Admittedly, the Tremor’s marketing team isn’t shooting for traditional F-Series volumes. There is – we’re told – one F-Series sold in America every 42 seconds. And based only on the anecdotal evidence supplied by our own search, we’re guessing a Tremor is sold once every 42 years. That said, combining a regular cab/short bed F-Series with Ford’s EcoBoost V6, 6-speed automatic, 20-inch wheels and the FX2 appearance package makes for a compellingly attractive combination…if you like tape-sourced graphics. And while we like ‘em on Ford’s Raptor, where the graphics actually promise less than the 4X4 can deliver, the Tremor’s graphic package – while racy – doesn’t begin to meet the Raptor’s standard. The ‘Tremor’ nametag is pure marketing-speak. On the road it’s as composed as you’d hope a truck might be; there simply isn’t (thankfully) a whole lotta’ shakin’ goin’ on.

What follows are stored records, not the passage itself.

lemma card_not_H_simple_mult_le:
  "card (bip_set n d k - bip_star n d k) * (n choose k)
     \<le> (n * d div k choose 2) * card (bip_set n d k)"
proof -
  let ?Y2 = "{P. P \<subseteq> {..<n * d div k} \<and> card P = 2}"
  let ?bad = "\<lambda>P. {B \<in> bip_set n d k. \<not> inj_on (nbhd B) P}"
  have "finite ?Y2" by (rule finite_subset[of _ "Pow {..<n * d div k}"]) auto
  have "bip_set n d k - bip_star n d k \<subseteq> (\<Union>P\<in>?Y2. ?bad P)"
  proof
    fix B assume "B \<in> bip_set n d k - bip_star n d k"
    then obtain y1 y2 where "y1 < n * d div k" "y2 < n * d div k" "y1 \<noteq> y2" "nbhd B y1 = nbhd B y2"
      and "B \<in> bip_set n d k" unfolding bip_star_def H_simple_def by auto
    then show "B \<in> (\<Union>P\<in>?Y2. ?bad P)"
      by (intro UN_I[of "{y1, y2}"]) auto
  qed
  then have "card (bip_set n d k - bip_star n d k) \<le> card (\<Union>P\<in>?Y2. ?bad P)"
    using finite_bip_set by (intro card_mono) auto
  also have "\<dots> \<le> (\<Sum>P\<in>?Y2. card (?bad P))"
    using \<open>finite ?Y2\<close> by (rule card_UN_le)
  finally have "card (bip_set n d k - bip_star n d k) * (n choose k)
      \<le> (\<Sum>P\<in>?Y2. card (?bad P)) * (n choose k)"
    by (rule mult_right_mono) simp
  also have "\<dots> = (\<Sum>P\<in>?Y2. card (?bad P) * (n choose k))"
    by (simp add: sum_distrib_right)
  also have "\<dots> \<le> (\<Sum>P\<in>?Y2. card (bip_set n d k))"
  proof (intro sum_mono)
    fix P assume "P \<in> ?Y2"
    then obtain y1 y2 where "P = {y1, y2}" "y1 \<noteq> y2" and y12: "y1 < n * d div k" "y2 < n * d div k"
      by (auto simp: card_2_iff)
    then have "?bad P = {B \<in> bip_set n d k. nbhd B y1 = nbhd B y2}"
      by (auto simp: inj_on_def)
    then show "card (?bad P) * (n choose k) \<le> card (bip_set n d k)"
      using card_equal_nbhds_mult_le[of y1 y2 n d k] \<open>y1 \<noteq> y2\<close> y12 by simp
  qed
  also have "\<dots> = (n * d div k choose 2) * card (bip_set n d k)"
    using n_subsets[of "{..<n * d div k}" 2] by simp
  finally show ?thesis .
qed
(* Let $0\le\beta<1$. There is a constant $C=C(\beta)>0$ such that for every $w\in L^2(0,T;H^{-1}(\Omega))$ and $t\in(0,T)$, $$\Big\|\partial_t^\beta\int_0^te^{-(t-s)A}w(s)\,ds\Big\|_{H^{-1}(\Omega)}\le C\int_0^t(t-s)^{-\beta}\|w(s)\|_{H^{-1}(\Omega)}\,ds,$$ where for $\beta=0$, $\partial_t^0$ denotes the identity.
   Context: $\Omega\subset\mathbb{R}^d$ bounded smooth domain; $A=-\sum_{i,j}\partial_{x_i}(a_{ij}\partial_{x_j}\cdot)$ symmetric uniformly elliptic with $a_{ij}\in C^1(\overline\Omega)$ and homogeneous Dirichlet condition; $(\lambda_k,\varphi_k)$ its eigenpairs, $\{\varphi_k\}$ orthonormal basis of $L^2(\Omega)$, $\lambda_k>0$; $\langle\cdot,\cdot\rangle$ the $H^{-1}$–$H_0^1$ pairing; $e^{-tA}g=\sum_ke^{-\lambda_kt}\langle g,\varphi_k\rangle\varphi_k$. $\partial_t^\beta$ is the Caputo derivative $\partial_t^\beta\varphi(t)=\frac{1}{\Gamma(1-\beta)}\int_0^t(t-\tau)^{-\beta}\partial_\tau\varphi(\tau)d\tau$. The $H^{-1}$ norm is $\|g\|_{H^{-1}(\Omega)}=\big(\sum_k\lambda_k^{-1}|\langle g,\varphi_k\rangle|^2\big)^{1/2}$ and $\|\psi\|_{H_0^1(\Omega)}=\big(\sum_k\lambda_k|(\psi,\varphi_k)|^2\big)^{1/2}$. *)

theory Defs
  imports "HOL-Analysis.Analysis"
begin

text \<open>Spectral (coefficient) model. An element g of H^{-1}(Omega) is represented by its
  coefficient sequence k \<mapsto> <g, phi_k>; lam k are the Dirichlet eigenvalues of A.\<close>

definition Hm1_norm :: "(nat \<Rightarrow> real) \<Rightarrow> (nat \<Rightarrow> real) \<Rightarrow> ennreal" where
  "Hm1_norm lam g =
     (if summable (\<lambda>k. (g k)\<^sup>2 / lam k) then ennreal (sqrt (\<Sum>k. (g k)\<^sup>2 / lam k)) else \<infinity>)"

definition L2_Hm1 :: "real \<Rightarrow> (nat \<Rightarrow> real) \<Rightarrow> (real \<Rightarrow> nat \<Rightarrow> real) \<Rightarrow> bool" where
  "L2_Hm1 T lam w \<longleftrightarrow>
     (\<forall>k. (\<lambda>s. w s k) \<in> borel_measurable (lebesgue_on {0<..<T})) \<and>
     (\<integral>\<^sup>+ s\<in>{0<..<T}. (Hm1_norm lam (w s))\<^sup>2 \<partial>lebesgue) < \<infinity>"
definition contracts :: "nat \<Rightarrow> (nat list \<times> nat list) set \<Rightarrow> nat list \<Rightarrow> bool" where
  "contracts n \<Theta> g \<longleftrightarrow> (g, lower_cover n g) \<in> \<Theta>"

text \<open>A(x,i), with 0-based position k (paper's i = k+1).\<close>
definition A_set :: "nat list \<Rightarrow> nat \<Rightarrow> nat set" where
  "A_set x k = {x ! j | j. j \<le> k \<and> x ! j > x ! k}
             \<union> {x ! j | j. k + 1 \<le> j \<and> j < length x \<and> x ! j \<ge> x ! (k + 1)}"

definition lam :: "nat list \<Rightarrow> nat \<Rightarrow> nat list" where
  "lam x k = sorted_list_of_set ({1..length x} - A_set x k) @ sorted_list_of_set (A_set x k)"

end

theory Submission
  imports Defs
begin

text \<open>
  Write a = x!k > b = x!(k+1); the cover y < x adds exactly the inversion (b, a).
  The permutation lam x k lists the complement of A = A(x,k) increasingly and then A
  increasingly, so its inversions are the pairs (c, d) with c < d, c in A and d not in A.
  As b = min A and a = max of the complement, lam x k = P a b Q covers P b a Q through the
  same inversion (b, a), and no other permutation below lam x k has that inversion.
  Since moreover lam x k \<le> x, the meets with lam x k send x, y to lam x k, P b a Q and
  the joins with y send lam x k, P b a Q to x, y: the two covers are perspective, so every
  lattice congruence contracts both or neither.
\<close>

section \<open>Relative order of entries in a list\<close>

definition precedes :: "'a list \<Rightarrow> 'a \<Rightarrow> 'a \<Rightarrow> bool" where
  "precedes xs s t \<longleftrightarrow> (\<exists>i j. i < j \<and> j < length xs \<and> xs ! i = s \<and> xs ! j = t)"

lemma inversions_eq_precedes: "inversions xs = {(a, b). a < b \<and> precedes xs b a}"
  unfolding inversions_def precedes_def by auto

lemma precedes_Nil [simp]: "\<not> precedes [] s t"
  unfolding precedes_def by auto

lemma precedes_Cons [simp]:
  "precedes (u # l) s t \<longleftrightarrow> (s = u \<and> t \<in> set l) \<or> precedes l s t"
proof
  assume "precedes (u # l) s t"
  then obtain i j where ij: "i < j" "j < length (u # l)" "(u # l) ! i = s" "(u # l) ! j = t"
    unfolding precedes_def by blast
  show "(s = u \<and> t \<in> set l) \<or> precedes l s t"
  proof (cases i)
    case 0
    then show ?thesis
      using ij by (cases j) auto
  next
    case (Suc i')
    then obtain j' where "j = Suc j'"
      using ij by (cases j) auto
    then have "precedes l s t"
      unfolding precedes_def using ij Suc by (intro exI[of _ i'] exI[of _ j']) auto
    then show ?thesis ..
  qed
next
  assume "(s = u \<and> t \<in> set l) \<or> precedes l s t"
  then show "precedes (u # l) s t"
  proof
    assume "s = u \<and> t \<in> set l"
    then obtain j where "j < length l" "l ! j = t" "s = u"
      by (auto simp: in_set_conv_nth)
    then show ?thesis
      unfolding precedes_def by (intro exI[of _ 0] exI[of _ "Suc j"]) auto
  next
    assume "precedes l s t"
    then obtain i j where "i < j" "j < length l" "l ! i = s" "l ! j = t"
      unfolding precedes_def by blast
    then show ?thesis
      unfolding precedes_def by (intro exI[of _ "Suc i"] exI[of _ "Suc j"]) auto
  qed
qed

lemma precedes_in_set: "precedes l s t \<Longrightarrow> s \<in> set l \<and> t \<in> set l"
  by (induction l) auto

lemma precedes_append:
  "precedes (l1 @ l2) s t \<longleftrightarrow> precedes l1 s t \<or> precedes l2 s t \<or> (s \<in> set l1 \<and> t \<in> set l2)"
  by (induction l1) auto

lemma precedes_sorted:
  fixes l :: "'a::linorder list"
  shows "sorted_wrt (<) l \<Longrightarrow> precedes l s t \<longleftrightarrow> s \<in> set l \<and> t \<in> set l \<and> s < t"
  by (induction l) (auto dest: precedes_in_set)

lemma precedes_asym: "distinct l \<Longrightarrow> precedes l s t \<Longrightarrow> \<not> precedes l t s"
  by (induction l) (auto dest: precedes_in_set)

lemma precedes_total:
  "s \<in> set l \<Longrightarrow> t \<in> set l \<Longrightarrow> s \<noteq> t \<Longrightarrow> precedes l s t \<or> precedes l t s"
  by (induction l) auto

lemma precedes_trans: "distinct l \<Longrightarrow> precedes l s t \<Longrightarrow> precedes l t r \<Longrightarrow> precedes l s r"
  by (induction l) (auto dest: precedes_in_set)

lemma distinct_eq_if_precedes_eq:
  assumes "distinct xs" "distinct ys" "set xs = set ys" "\<And>s t. precedes xs s t = precedes ys s t"
  shows "xs = ys"
  using assms
proof (induction xs arbitrary: ys)
  case Nil
  then show ?case by simp
next
  case (Cons u xs)
  then obtain w ys' where ys: "ys = w # ys'"
    by (cases ys) auto
  have "u = w"
  proof (rule ccontr)
    assume "u \<noteq> w"
    then have "precedes ys w u"
      using Cons.prems ys by auto
    then show False
      using Cons.prems(1,4) \<open>u \<noteq> w\<close> by (auto dest: precedes_in_set)
  qed
  moreover have "precedes xs s t = precedes ys' s t" for s t
    using Cons.prems ys \<open>u = w\<close> by (metis distinct.simps(2) precedes_Cons precedes_in_set)
  moreover have "set xs = set ys'"
    using Cons.prems(1-3) ys \<open>u = w\<close> by (simp add: insert_ident)
  ultimately show ?case
    using Cons ys by simp
qed

lemma precedes_iff_inversions:
  assumes "distinct xs"
  shows "precedes xs s t \<longleftrightarrow> s \<in> set xs \<and> t \<in> set xs \<and> s \<noteq> t \<and>
    (if s < t then (s, t) \<notin> inversions xs else (t, s) \<in> inversions xs)"
  using precedes_total[of s xs t] precedes_asym[OF assms, of s t] precedes_asym[OF assms, of s s]
    precedes_in_set[of xs s t]
  by (cases "s = t") (auto simp: inversions_eq_precedes)

lemma inj_on_inversions_perms: "inj_on inversions (perms n)"
proof (rule inj_onI)
  fix x z
  assume x: "x \<in> perms n" and z: "z \<in> perms n" and inv: "inversions x = inversions z"
  then have "precedes x s t = precedes z s t" for s t
    by (simp add: precedes_iff_inversions perms_def)
  then show "x = z"
    using x z by (intro distinct_eq_if_precedes_eq) (auto simp: perms_def)
qed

Of course, the Tremor’s regular cab recalls a day when all trucks boasted nothin’ but the regular cab. Blessed with a vinyl bench, three could sit semi-comfortably and – before our penchant for Fast Food – it’d fit a family of four in a pinch. If you were taking close friends or distant relation they went in back, and who would argue with that? In lieu of a bench, the Tremor came with semi-reclining, semi-comfortable buckets, flat enough to easily access and – in hard cornering – flat enough to fall out of. Storage space behind them is necessarily limited, and access to that storage is unnecessarily difficult. We’re not sure why the passenger seat can’t have an easy way of sliding fully forward; maybe it does, but we never found it.

Behind the wheel there’s little to disguise the Tremor’s width, but the steering is reasonably direct, braking is confident, and acceleration is pretty much everything you’d want from almost 5,000 pounds of truck. The EcoBoost V6 has been roundly criticized for not delivering the real-world mileage consumers have been led to expect, but we hit the EPA city figure of 16 and could imagine seeing the 22 highway if driven prudently. The kicker? It’s tough to be prudent when behind the wheel of something called ‘Tremor’.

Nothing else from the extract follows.